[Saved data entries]
section \<open>Diagonal scaling of the spectral norm\<close>

lemma weighted_squares_le_square:
  fixes s t a b A N :: real
  assumes "0 \<le> s" "s \<le> t" "0 \<le> a" "a \<le> A" "A \<le> N" "a\<^sup>2 + b\<^sup>2 \<le> N\<^sup>2"
  shows "t\<^sup>2 * a\<^sup>2 + s\<^sup>2 * b\<^sup>2 \<le> (s * N + (t - s) * A)\<^sup>2"
proof -
  have "t\<^sup>2 * a\<^sup>2 + s\<^sup>2 * b\<^sup>2 = s\<^sup>2 * (a\<^sup>2 + b\<^sup>2) + (t\<^sup>2 - s\<^sup>2) * a\<^sup>2"
    by (simp add: algebra_simps)
  also have "\<dots> \<le> s\<^sup>2 * N\<^sup>2 + (t\<^sup>2 - s\<^sup>2) * A\<^sup>2"
    using assms by (intro add_mono mult_left_mono power_mono) auto
  also have "\<dots> = (s * N + (t - s) * A)\<^sup>2 - 2 * s * (t - s) * A * (N - A)"
    by (simp add: algebra_simps power2_eq_square)
  also have "\<dots> \<le> (s * N + (t - s) * A)\<^sup>2"
    using assms by simp
  finally show ?thesis .
qed

lemma vnorm2_mat_diag_mult_split_le:
  assumes v: "v \<in> carrier_vec (p + q)"
    and top: "\<And>i. i < p \<Longrightarrow> cmod (d i) \<le> t"
    and bot: "\<And>i. p \<le> i \<Longrightarrow> i < p + q \<Longrightarrow> cmod (d i) \<le> s"
  shows "(vnorm2 (mat_diag (p + q) d *\<^sub>v v))\<^sup>2
    \<le> t\<^sup>2 * (vnorm2 (vec_first v p))\<^sup>2 + s\<^sup>2 * (vnorm2 (vec_last v q))\<^sup>2"
proof -
  let ?w = "mat_diag (p + q) d *\<^sub>v v"
  have "vec_first ?w p = mat_diag p d *\<^sub>v vec_first v p"
    by (rule eq_vecI) (use v in \<open>auto simp: mat_diag_mult_vec vec_first_def\<close>)
  then have first: "(vnorm2 (vec_first ?w p))\<^sup>2 \<le> t\<^sup>2 * (vnorm2 (vec_first v p))\<^sup>2"
    using top by (simp add: vnorm2_mat_diag_mult_square_le)
  have "vec_last ?w q = mat_diag q (\<lambda>i. d (p + i)) *\<^sub>v vec_last v q"
    by (rule eq_vecI) (use v in \<open>auto simp: mat_diag_mult_vec vec_last_def\<close>)
  then have last: "(vnorm2 (vec_last ?w q))\<^sup>2 \<le> s\<^sup>2 * (vnorm2 (vec_last v q))\<^sup>2"
    using bot by (simp add: vnorm2_mat_diag_mult_square_le)
  have "?w \<in> carrier_vec (p + q)" using mult_mat_vec_carrier[OF mat_diag_dim v] .
  then show ?thesis
    using vnorm2_square_split first last by simp
qed

lemma spec_norm_blk_top_le:
  assumes T: "T \<in> carrier_mat m k" and k: "0 < k" and r: "r \<le> m"
  shows "spec_norm (blk T 0 r 0 k) \<le> spec_norm T"
proof (rule spec_norm_leI[OF blk_carrier k])
  fix x :: "complex vec" assume x: "x \<in> carrier_vec k" "vnorm2 x = 1"
  have "vnorm2 (blk T 0 r 0 k *\<^sub>v x) = vnorm2 (vec_first (T *\<^sub>v x) r)"
    using T x r by (simp add: blk_mult_vec_first)
  also have "\<dots> \<le> vnorm2 (T *\<^sub>v x)"
    using mult_mat_vec_carrier[OF T x(1)] r by (intro vnorm2_vec_first_le[of _ r "m - r"]) auto
  also have "\<dots> \<le> spec_norm T"
    using T x by (rule spec_norm_upper)
  finally show "vnorm2 (blk T 0 r 0 k *\<^sub>v x) \<le> spec_norm T" .
qed

lemma spec_norm_mat_diag_mult_le:
  assumes T: "T \<in> carrier_mat m k" and k: "0 < k" and r: "r \<le> m" and st: "0 \<le> s" "s \<le> t"
    and top: "\<And>i. i < r \<Longrightarrow> cmod (d i) \<le> t"
    and bot: "\<And>i. r \<le> i \<Longrightarrow> i < m \<Longrightarrow> cmod (d i) \<le> s"
  shows "spec_norm (mat_diag m d * T) \<le> s * spec_norm T + (t - s) * spec_norm (blk T 0 r 0 k)"
proof (rule spec_norm_leI[OF mult_carrier_mat[OF mat_diag_dim T] k])
  fix x :: "complex vec" assume x: "x \<in> carrier_vec k" "vnorm2 x = 1"
  define v where "v = T *\<^sub>v x"
  have m: "r + (m - r) = m" using r by simp
  have v: "v \<in> carrier_vec m" using mult_mat_vec_carrier[OF T x(1)] unfolding v_def .
  have "vnorm2 (blk T 0 r 0 k *\<^sub>v x) \<le> spec_norm (blk T 0 r 0 k)"
    by (rule spec_norm_upper[OF blk_carrier x])
  then have top_part: "vnorm2 (vec_first v r) \<le> spec_norm (blk T 0 r 0 k)"
    using T x r by (simp add: v_def blk_mult_vec_first)
  have "(vnorm2 (vec_first v r))\<^sup>2 + (vnorm2 (vec_last v (m - r)))\<^sup>2 = (vnorm2 v)\<^sup>2"
    using vnorm2_square_split[of v r "m - r", unfolded m, OF v] by simp
  also have "\<dots> \<le> (spec_norm T)\<^sup>2"
    using spec_norm_upper[OF T x] unfolding v_def by (intro power_mono) auto
  finally have whole: "(vnorm2 (vec_first v r))\<^sup>2 + (vnorm2 (vec_last v (m - r)))\<^sup>2 \<le> (spec_norm T)\<^sup>2" .
  have "(vnorm2 (mat_diag m d *\<^sub>v v))\<^sup>2
      \<le> t\<^sup>2 * (vnorm2 (vec_first v r))\<^sup>2 + s\<^sup>2 * (vnorm2 (vec_last v (m - r)))\<^sup>2"
    using vnorm2_mat_diag_mult_split_le[of v r "m - r" d t s, unfolded m] v top bot by blast
  also have "\<dots> \<le> (s * spec_norm T + (t - s) * spec_norm (blk T 0 r 0 k))\<^sup>2"
    by (rule weighted_squares_le_square[OF st vnorm2_nonneg top_part spec_norm_blk_top_le[OF T k r] whole])
  finally have square: "(vnorm2 (mat_diag m d *\<^sub>v v))\<^sup>2
      \<le> (s * spec_norm T + (t - s) * spec_norm (blk T 0 r 0 k))\<^sup>2" .
  have nonneg: "0 \<le> s * spec_norm T + (t - s) * spec_norm (blk T 0 r 0 k)"
    using st spec_norm_nonneg[OF T k] spec_norm_nonneg[OF blk_carrier k] by simp
  have "(mat_diag m d * T) *\<^sub>v x = mat_diag m d *\<^sub>v v"
    unfolding v_def by (rule assoc_mult_mat_vec[OF mat_diag_dim T x(1)])
  then show "vnorm2 ((mat_diag m d * T) *\<^sub>v x) \<le> s * spec_norm T + (t - s) * spec_norm (blk T 0 r 0 k)"
    using power2_le_imp_le[OF square nonneg] by simp
qed

lemma spec_norm_diag_sandwich_le:
  assumes T: "T \<in> carrier_mat m k" and k: "0 < k" and r: "r \<le> m" and st: "0 \<le> s" "s \<le> t"
    and top: "\<And>i. i < r \<Longrightarrow> cmod (d i) \<le> t"
    and bot: "\<And>i. r \<le> i \<Longrightarrow> i < m \<Longrightarrow> cmod (d i) \<le> s"
    and g: "0 < g" and e: "\<And>j. j < k \<Longrightarrow> g \<le> cmod (e j)"
  shows "spec_norm (mat_diag m d * T * mat_diag k (\<lambda>j. 1 / e j))
    \<le> (s * spec_norm T + (t - s) * spec_norm (blk T 0 r 0 k)) / g"
proof -
  have DT: "mat_diag m d * T \<in> carrier_mat m k" using mult_carrier_mat[OF mat_diag_dim T] .
  have "cmod (1 / e j) \<le> 1 / g" if "j < k" for j
    using e[OF that] g by (simp add: norm_divide frac_le)
  then have "spec_norm (mat_diag k (\<lambda>j. 1 / e j)) \<le> 1 / g"
    using k by (rule spec_norm_mat_diag_le[rotated])
  then have diag_bound: "spec_norm (mat_diag m d * T) * spec_norm (mat_diag k (\<lambda>j. 1 / e j))
      \<le> (s * spec_norm T + (t - s) * spec_norm (blk T 0 r 0 k)) * (1 / g)"
    using spec_norm_mat_diag_mult_le[OF T k r st top bot] spec_norm_nonneg[OF DT k]
      spec_norm_nonneg[OF mat_diag_dim k]
    by (intro mult_mono') auto
  have "spec_norm (mat_diag m d * T * mat_diag k (\<lambda>j. 1 / e j))
      \<le> spec_norm (mat_diag m d * T) * spec_norm (mat_diag k (\<lambda>j. 1 / e j))"
    by (rule spec_norm_mult_le[OF DT mat_diag_dim k k])
  also note diag_bound
  finally show ?thesis by simp
qed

# [DIRECTIONS FOR THIS TASK]
From the entries above, pull out each line that includes "open".

# [RESPONSE]
section \<open>Diagonal scaling of the spectral norm\<close>
    by (rule eq_vecI) (use v in \<open>auto simp: mat_diag_mult_vec vec_first_def\<close>)
    by (rule eq_vecI) (use v in \<open>auto simp: mat_diag_mult_vec vec_last_def\<close>)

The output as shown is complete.